====== SOURCE DATA ======

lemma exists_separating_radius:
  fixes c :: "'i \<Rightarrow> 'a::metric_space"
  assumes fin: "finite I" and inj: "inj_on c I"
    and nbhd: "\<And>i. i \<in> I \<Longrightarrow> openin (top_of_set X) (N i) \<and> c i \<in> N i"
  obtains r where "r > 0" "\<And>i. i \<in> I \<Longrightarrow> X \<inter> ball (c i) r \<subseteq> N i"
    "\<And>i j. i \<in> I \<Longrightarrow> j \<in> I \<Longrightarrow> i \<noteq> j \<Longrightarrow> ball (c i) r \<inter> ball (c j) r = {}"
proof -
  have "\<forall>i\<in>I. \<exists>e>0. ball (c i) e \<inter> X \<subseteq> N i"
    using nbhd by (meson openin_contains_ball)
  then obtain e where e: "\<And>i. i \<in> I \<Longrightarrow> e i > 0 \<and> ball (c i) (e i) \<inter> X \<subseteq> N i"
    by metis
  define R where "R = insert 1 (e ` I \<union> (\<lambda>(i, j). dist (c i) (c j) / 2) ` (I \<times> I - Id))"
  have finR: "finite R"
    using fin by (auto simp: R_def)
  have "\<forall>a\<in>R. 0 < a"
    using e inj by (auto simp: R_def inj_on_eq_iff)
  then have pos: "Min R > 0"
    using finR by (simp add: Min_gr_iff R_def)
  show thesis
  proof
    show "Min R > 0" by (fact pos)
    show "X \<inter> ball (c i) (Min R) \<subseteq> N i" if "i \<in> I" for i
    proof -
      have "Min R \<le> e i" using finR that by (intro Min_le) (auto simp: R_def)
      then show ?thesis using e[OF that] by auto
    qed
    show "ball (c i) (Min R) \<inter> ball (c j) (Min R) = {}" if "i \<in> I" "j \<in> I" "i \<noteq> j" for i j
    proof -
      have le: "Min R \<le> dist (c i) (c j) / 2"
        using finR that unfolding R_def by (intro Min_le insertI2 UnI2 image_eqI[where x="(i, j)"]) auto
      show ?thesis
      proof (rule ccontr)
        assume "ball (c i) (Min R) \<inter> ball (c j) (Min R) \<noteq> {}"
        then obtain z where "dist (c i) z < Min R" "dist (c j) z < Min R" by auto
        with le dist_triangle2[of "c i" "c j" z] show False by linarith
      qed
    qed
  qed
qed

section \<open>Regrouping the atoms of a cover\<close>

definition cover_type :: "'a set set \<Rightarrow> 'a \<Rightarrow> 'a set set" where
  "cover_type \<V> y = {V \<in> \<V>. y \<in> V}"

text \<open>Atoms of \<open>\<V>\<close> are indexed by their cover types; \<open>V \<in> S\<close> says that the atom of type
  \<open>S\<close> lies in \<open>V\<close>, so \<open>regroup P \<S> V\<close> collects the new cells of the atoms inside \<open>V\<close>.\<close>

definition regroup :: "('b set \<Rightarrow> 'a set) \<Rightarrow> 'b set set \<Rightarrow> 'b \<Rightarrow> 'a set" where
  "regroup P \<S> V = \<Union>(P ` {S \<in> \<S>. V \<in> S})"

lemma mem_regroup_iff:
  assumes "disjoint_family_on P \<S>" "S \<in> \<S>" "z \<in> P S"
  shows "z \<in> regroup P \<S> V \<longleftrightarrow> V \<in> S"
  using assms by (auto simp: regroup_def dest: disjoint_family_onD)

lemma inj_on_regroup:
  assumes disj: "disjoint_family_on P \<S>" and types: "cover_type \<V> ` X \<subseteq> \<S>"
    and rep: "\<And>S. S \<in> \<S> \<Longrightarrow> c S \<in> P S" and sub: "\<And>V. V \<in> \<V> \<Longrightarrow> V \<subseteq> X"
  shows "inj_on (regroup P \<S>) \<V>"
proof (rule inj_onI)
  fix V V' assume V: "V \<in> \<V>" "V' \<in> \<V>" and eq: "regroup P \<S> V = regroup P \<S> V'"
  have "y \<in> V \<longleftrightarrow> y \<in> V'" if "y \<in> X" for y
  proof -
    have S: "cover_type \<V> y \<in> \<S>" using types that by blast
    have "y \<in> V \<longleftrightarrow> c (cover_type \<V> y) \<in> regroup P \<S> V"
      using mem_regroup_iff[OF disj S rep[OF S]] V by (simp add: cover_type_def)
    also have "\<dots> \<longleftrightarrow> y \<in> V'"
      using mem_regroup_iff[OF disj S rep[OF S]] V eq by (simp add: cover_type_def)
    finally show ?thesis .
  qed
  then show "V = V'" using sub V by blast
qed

======
====== SOURCE DATA ======

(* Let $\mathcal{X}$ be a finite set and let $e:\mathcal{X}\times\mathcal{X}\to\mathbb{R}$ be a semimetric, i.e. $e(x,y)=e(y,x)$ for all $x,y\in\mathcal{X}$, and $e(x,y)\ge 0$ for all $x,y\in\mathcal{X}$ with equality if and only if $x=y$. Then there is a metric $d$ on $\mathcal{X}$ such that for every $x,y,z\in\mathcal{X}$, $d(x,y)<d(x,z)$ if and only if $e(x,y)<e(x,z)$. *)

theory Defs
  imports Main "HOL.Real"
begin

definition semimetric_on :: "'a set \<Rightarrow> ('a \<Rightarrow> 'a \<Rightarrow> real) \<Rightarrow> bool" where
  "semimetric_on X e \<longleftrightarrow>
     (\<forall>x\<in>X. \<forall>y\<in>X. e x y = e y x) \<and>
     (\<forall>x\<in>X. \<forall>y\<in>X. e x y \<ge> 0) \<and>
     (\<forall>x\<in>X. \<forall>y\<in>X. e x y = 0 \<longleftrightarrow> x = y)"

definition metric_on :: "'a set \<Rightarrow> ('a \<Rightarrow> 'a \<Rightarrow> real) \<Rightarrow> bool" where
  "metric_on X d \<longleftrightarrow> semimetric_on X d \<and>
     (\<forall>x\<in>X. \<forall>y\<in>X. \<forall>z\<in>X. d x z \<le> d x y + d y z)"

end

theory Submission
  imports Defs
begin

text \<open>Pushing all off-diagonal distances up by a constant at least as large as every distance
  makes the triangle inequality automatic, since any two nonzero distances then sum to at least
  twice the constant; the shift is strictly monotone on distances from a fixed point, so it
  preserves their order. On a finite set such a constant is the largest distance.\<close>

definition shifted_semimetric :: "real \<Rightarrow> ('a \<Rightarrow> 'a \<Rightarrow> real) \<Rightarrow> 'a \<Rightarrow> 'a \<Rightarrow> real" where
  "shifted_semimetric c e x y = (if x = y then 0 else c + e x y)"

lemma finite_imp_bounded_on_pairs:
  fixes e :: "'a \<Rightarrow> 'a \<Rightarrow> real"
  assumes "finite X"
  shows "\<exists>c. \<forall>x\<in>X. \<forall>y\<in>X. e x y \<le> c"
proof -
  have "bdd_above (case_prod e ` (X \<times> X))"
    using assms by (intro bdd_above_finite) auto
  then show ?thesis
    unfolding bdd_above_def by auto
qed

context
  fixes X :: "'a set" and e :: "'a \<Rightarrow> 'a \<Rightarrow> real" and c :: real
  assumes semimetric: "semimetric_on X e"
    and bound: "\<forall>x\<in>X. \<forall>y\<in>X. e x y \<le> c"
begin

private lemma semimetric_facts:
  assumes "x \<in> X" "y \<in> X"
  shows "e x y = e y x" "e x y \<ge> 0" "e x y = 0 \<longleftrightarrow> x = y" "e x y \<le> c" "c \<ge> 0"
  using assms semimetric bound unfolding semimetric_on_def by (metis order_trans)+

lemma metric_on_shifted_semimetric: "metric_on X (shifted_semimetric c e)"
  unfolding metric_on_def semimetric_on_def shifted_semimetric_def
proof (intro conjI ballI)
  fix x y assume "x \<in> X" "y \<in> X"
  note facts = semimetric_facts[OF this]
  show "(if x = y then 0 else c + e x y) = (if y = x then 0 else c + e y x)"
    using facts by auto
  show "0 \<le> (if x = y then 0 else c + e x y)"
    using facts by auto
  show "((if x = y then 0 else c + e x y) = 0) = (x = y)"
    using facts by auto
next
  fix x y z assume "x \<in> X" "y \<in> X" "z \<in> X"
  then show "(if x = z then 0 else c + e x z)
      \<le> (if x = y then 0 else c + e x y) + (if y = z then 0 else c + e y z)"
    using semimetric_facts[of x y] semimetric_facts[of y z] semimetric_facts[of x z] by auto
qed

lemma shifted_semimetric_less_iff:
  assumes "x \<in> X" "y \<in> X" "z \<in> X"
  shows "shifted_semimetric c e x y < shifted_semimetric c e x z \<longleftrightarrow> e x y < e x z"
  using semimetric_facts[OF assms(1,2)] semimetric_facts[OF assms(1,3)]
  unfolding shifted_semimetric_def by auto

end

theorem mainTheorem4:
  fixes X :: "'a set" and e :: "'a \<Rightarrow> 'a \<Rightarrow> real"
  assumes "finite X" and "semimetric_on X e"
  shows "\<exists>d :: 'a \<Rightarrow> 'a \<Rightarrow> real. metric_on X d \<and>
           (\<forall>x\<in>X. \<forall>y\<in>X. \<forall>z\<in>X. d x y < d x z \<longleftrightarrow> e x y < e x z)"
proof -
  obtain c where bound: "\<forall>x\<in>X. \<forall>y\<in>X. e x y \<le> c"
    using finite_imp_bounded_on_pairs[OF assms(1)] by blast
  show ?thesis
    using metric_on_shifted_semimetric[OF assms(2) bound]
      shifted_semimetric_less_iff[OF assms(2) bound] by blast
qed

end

======
====== SOURCE DATA ======

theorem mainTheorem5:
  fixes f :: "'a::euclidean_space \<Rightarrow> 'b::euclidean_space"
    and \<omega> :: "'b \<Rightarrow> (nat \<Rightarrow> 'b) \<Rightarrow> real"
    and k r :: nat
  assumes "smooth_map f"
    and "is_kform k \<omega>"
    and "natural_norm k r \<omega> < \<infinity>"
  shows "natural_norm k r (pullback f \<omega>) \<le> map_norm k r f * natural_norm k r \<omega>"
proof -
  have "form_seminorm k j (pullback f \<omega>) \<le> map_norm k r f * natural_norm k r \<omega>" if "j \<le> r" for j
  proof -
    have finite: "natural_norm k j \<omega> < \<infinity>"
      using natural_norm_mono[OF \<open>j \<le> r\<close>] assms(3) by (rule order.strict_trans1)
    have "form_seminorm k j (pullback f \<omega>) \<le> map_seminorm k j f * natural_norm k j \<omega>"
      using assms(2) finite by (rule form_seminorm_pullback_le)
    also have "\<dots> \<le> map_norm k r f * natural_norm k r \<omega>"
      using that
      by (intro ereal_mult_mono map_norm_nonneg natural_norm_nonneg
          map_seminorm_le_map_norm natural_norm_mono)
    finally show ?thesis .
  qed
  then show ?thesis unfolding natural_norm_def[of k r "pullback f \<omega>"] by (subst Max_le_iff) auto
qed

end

======

### PROBLEM TO SOLVE:
Search the entries for the string "fixes" and return each line where it turns up.

### ANSWER BOX:
  fixes c :: "'i \<Rightarrow> 'a::metric_space"
  fixes e :: "'a \<Rightarrow> 'a \<Rightarrow> real"
  fixes X :: "'a set" and e :: "'a \<Rightarrow> 'a \<Rightarrow> real" and c :: real
  fixes X :: "'a set" and e :: "'a \<Rightarrow> 'a \<Rightarrow> real"
  fixes f :: "'a::euclidean_space \<Rightarrow> 'b::euclidean_space"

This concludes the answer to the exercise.